● **Requirement**
Each line below needs to be printed again exactly.

● **Available records**
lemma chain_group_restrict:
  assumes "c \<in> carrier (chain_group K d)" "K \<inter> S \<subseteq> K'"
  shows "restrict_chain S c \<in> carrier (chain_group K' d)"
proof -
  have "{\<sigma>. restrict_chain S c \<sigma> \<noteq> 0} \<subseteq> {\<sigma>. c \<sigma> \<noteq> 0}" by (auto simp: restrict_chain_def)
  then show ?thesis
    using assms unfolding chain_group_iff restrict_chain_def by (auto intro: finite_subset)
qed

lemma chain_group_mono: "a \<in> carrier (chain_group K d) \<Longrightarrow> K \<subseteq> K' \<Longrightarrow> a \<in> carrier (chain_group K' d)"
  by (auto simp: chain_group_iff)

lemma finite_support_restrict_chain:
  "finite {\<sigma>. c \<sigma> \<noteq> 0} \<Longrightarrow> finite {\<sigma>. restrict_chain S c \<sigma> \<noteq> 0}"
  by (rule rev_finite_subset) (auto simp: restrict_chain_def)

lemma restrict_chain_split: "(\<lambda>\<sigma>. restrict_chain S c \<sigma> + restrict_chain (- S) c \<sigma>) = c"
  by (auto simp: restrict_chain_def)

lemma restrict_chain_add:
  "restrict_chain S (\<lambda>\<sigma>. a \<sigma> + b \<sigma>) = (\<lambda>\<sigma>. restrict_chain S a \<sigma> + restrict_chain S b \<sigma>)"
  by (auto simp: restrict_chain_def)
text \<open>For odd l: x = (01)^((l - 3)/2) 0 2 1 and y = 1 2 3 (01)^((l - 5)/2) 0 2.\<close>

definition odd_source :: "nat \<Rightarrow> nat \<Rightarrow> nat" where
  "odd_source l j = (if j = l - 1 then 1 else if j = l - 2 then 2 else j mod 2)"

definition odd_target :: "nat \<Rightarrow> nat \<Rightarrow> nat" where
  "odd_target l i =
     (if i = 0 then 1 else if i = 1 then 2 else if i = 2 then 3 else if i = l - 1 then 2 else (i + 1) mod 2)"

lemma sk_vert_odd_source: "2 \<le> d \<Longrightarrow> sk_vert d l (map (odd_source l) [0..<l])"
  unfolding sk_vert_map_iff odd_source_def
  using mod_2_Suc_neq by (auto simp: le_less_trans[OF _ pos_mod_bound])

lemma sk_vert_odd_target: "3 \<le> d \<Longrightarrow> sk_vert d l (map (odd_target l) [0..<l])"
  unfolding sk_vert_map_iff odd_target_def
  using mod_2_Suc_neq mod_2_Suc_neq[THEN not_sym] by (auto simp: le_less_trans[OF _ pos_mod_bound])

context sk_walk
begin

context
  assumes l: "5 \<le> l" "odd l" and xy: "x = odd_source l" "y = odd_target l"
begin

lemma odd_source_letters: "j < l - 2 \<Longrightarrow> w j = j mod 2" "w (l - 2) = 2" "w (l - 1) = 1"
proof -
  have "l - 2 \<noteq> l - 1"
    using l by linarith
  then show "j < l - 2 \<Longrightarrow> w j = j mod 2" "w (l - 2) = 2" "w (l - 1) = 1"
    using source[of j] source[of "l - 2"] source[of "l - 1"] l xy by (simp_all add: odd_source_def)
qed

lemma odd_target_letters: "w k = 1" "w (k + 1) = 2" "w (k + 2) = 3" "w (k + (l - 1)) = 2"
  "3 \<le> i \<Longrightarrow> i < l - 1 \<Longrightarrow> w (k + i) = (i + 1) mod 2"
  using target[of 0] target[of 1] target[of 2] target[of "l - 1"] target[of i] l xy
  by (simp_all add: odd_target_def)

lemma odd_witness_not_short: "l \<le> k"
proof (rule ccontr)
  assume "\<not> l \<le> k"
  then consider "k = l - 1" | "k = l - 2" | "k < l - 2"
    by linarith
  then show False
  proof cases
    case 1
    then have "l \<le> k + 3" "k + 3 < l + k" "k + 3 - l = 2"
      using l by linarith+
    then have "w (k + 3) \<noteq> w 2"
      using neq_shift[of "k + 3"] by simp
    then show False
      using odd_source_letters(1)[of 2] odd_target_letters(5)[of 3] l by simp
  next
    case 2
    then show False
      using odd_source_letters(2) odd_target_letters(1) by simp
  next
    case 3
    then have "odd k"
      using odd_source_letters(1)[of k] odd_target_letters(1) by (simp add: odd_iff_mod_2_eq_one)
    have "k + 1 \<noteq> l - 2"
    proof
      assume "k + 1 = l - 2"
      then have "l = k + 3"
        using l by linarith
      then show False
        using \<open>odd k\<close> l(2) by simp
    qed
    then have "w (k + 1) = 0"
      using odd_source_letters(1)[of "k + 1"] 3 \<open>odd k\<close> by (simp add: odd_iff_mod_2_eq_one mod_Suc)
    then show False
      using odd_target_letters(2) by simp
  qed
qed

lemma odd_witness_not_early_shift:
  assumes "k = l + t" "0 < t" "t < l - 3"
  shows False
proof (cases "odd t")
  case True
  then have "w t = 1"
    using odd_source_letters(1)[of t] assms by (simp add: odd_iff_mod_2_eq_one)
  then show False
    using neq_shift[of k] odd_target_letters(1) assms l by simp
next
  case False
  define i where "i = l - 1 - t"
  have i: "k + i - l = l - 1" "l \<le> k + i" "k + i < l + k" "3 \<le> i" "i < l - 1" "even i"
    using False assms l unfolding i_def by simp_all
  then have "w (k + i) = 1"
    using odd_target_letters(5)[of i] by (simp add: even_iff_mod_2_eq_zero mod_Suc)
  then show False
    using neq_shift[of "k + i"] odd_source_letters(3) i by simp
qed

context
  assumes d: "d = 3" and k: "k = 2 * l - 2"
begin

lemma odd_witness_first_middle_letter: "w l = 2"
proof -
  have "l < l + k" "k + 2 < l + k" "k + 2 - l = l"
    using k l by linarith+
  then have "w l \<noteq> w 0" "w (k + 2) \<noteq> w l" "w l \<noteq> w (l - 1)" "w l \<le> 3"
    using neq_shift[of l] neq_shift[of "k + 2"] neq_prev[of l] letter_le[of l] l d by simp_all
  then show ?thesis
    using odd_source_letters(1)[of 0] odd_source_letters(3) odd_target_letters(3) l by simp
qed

● **Solution**
lemma chain_group_restrict:
  assumes "c \<in> carrier (chain_group K d)" "K \<inter> S \<subseteq> K'"
  shows "restrict_chain S c \<in> carrier (chain_group K' d)"
proof -
  have "{\<sigma>. restrict_chain S c \<sigma> \<noteq> 0} \<subseteq> {\<sigma>. c \<sigma> \<noteq> 0}" by (auto simp: restrict_chain_def)
  then show ?thesis
    using assms unfolding chain_group_iff restrict_chain_def by (auto intro: finite_subset)
qed

lemma chain_group_mono: "a \<in> carrier (chain_group K d) \<Longrightarrow> K \<subseteq> K' \<Longrightarrow> a \<in> carrier (chain_group K' d)"
  by (auto simp: chain_group_iff)

lemma finite_support_restrict_chain:
  "finite {\<sigma>. c \<sigma> \<noteq> 0} \<Longrightarrow> finite {\<sigma>. restrict_chain S c \<sigma> \<noteq> 0}"
  by (rule rev_finite_subset) (auto simp: restrict_chain_def)

lemma restrict_chain_split: "(\<lambda>\<sigma>. restrict_chain S c \<sigma> + restrict_chain (- S) c \<sigma>) = c"
  by (auto simp: restrict_chain_def)

lemma restrict_chain_add:
  "restrict_chain S (\<lambda>\<sigma>. a \<sigma> + b \<sigma>) = (\<lambda>\<sigma>. restrict_chain S a \<sigma> + restrict_chain S b \<sigma>)"
  by (auto simp: restrict_chain_def)
text \<open>For odd l: x = (01)^((l - 3)/2) 0 2 1 and y = 1 2 3 (01)^((l - 5)/2) 0 2.\<close>

definition odd_source :: "nat \<Rightarrow> nat \<Rightarrow> nat" where
  "odd_source l j = (if j = l - 1 then 1 else if j = l - 2 then 2 else j mod 2)"

definition odd_target :: "nat \<Rightarrow> nat \<Rightarrow> nat" where
  "odd_target l i =
     (if i = 0 then 1 else if i = 1 then 2 else if i = 2 then 3 else if i = l - 1 then 2 else (i + 1) mod 2)"

lemma sk_vert_odd_source: "2 \<le> d \<Longrightarrow> sk_vert d l (map (odd_source l) [0..<l])"
  unfolding sk_vert_map_iff odd_source_def
  using mod_2_Suc_neq by (auto simp: le_less_trans[OF _ pos_mod_bound])

lemma sk_vert_odd_target: "3 \<le> d \<Longrightarrow> sk_vert d l (map (odd_target l) [0..<l])"
  unfolding sk_vert_map_iff odd_target_def
  using mod_2_Suc_neq mod_2_Suc_neq[THEN not_sym] by (auto simp: le_less_trans[OF _ pos_mod_bound])

context sk_walk
begin

context
  assumes l: "5 \<le> l" "odd l" and xy: "x = odd_source l" "y = odd_target l"
begin

lemma odd_source_letters: "j < l - 2 \<Longrightarrow> w j = j mod 2" "w (l - 2) = 2" "w (l - 1) = 1"
proof -
  have "l - 2 \<noteq> l - 1"
    using l by linarith
  then show "j < l - 2 \<Longrightarrow> w j = j mod 2" "w (l - 2) = 2" "w (l - 1) = 1"
    using source[of j] source[of "l - 2"] source[of "l - 1"] l xy by (simp_all add: odd_source_def)
qed

lemma odd_target_letters: "w k = 1" "w (k + 1) = 2" "w (k + 2) = 3" "w (k + (l - 1)) = 2"
  "3 \<le> i \<Longrightarrow> i < l - 1 \<Longrightarrow> w (k + i) = (i + 1) mod 2"
  using target[of 0] target[of 1] target[of 2] target[of "l - 1"] target[of i] l xy
  by (simp_all add: odd_target_def)

lemma odd_witness_not_short: "l \<le> k"
proof (rule ccontr)
  assume "\<not> l \<le> k"
  then consider "k = l - 1" | "k = l - 2" | "k < l - 2"
    by linarith
  then show False
  proof cases
    case 1
    then have "l \<le> k + 3" "k + 3 < l + k" "k + 3 - l = 2"
      using l by linarith+
    then have "w (k + 3) \<noteq> w 2"
      using neq_shift[of "k + 3"] by simp
    then show False
      using odd_source_letters(1)[of 2] odd_target_letters(5)[of 3] l by simp
  next
    case 2
    then show False
      using odd_source_letters(2) odd_target_letters(1) by simp
  next
    case 3
    then have "odd k"
      using odd_source_letters(1)[of k] odd_target_letters(1) by (simp add: odd_iff_mod_2_eq_one)
    have "k + 1 \<noteq> l - 2"
    proof
      assume "k + 1 = l - 2"
      then have "l = k + 3"
        using l by linarith
      then show False
        using \<open>odd k\<close> l(2) by simp
    qed
    then have "w (k + 1) = 0"
      using odd_source_letters(1)[of "k + 1"] 3 \<open>odd k\<close> by (simp add: odd_iff_mod_2_eq_one mod_Suc)
    then show False
      using odd_target_letters(2) by simp
  qed
qed

lemma odd_witness_not_early_shift:
  assumes "k = l + t" "0 < t" "t < l - 3"
  shows False
proof (cases "odd t")
  case True
  then have "w t = 1"
    using odd_source_letters(1)[of t] assms by (simp add: odd_iff_mod_2_eq_one)
  then show False
    using neq_shift[of k] odd_target_letters(1) assms l by simp
next
  case False
  define i where "i = l - 1 - t"
  have i: "k + i - l = l - 1" "l \<le> k + i" "k + i < l + k" "3 \<le> i" "i < l - 1" "even i"
    using False assms l unfolding i_def by simp_all
  then have "w (k + i) = 1"
    using odd_target_letters(5)[of i] by (simp add: even_iff_mod_2_eq_zero mod_Suc)
  then show False
    using neq_shift[of "k + i"] odd_source_letters(3) i by simp
qed

context
  assumes d: "d = 3" and k: "k = 2 * l - 2"
begin

lemma odd_witness_first_middle_letter: "w l = 2"
proof -
  have "l < l + k" "k + 2 < l + k" "k + 2 - l = l"
    using k l by linarith+
  then have "w l \<noteq> w 0" "w (k + 2) \<noteq> w l" "w l \<noteq> w (l - 1)" "w l \<le> 3"
    using neq_shift[of l] neq_shift[of "k + 2"] neq_prev[of l] letter_le[of l] l d by simp_all
  then show ?thesis
    using odd_source_letters(1)[of 0] odd_source_letters(3) odd_target_letters(3) l by simp
qed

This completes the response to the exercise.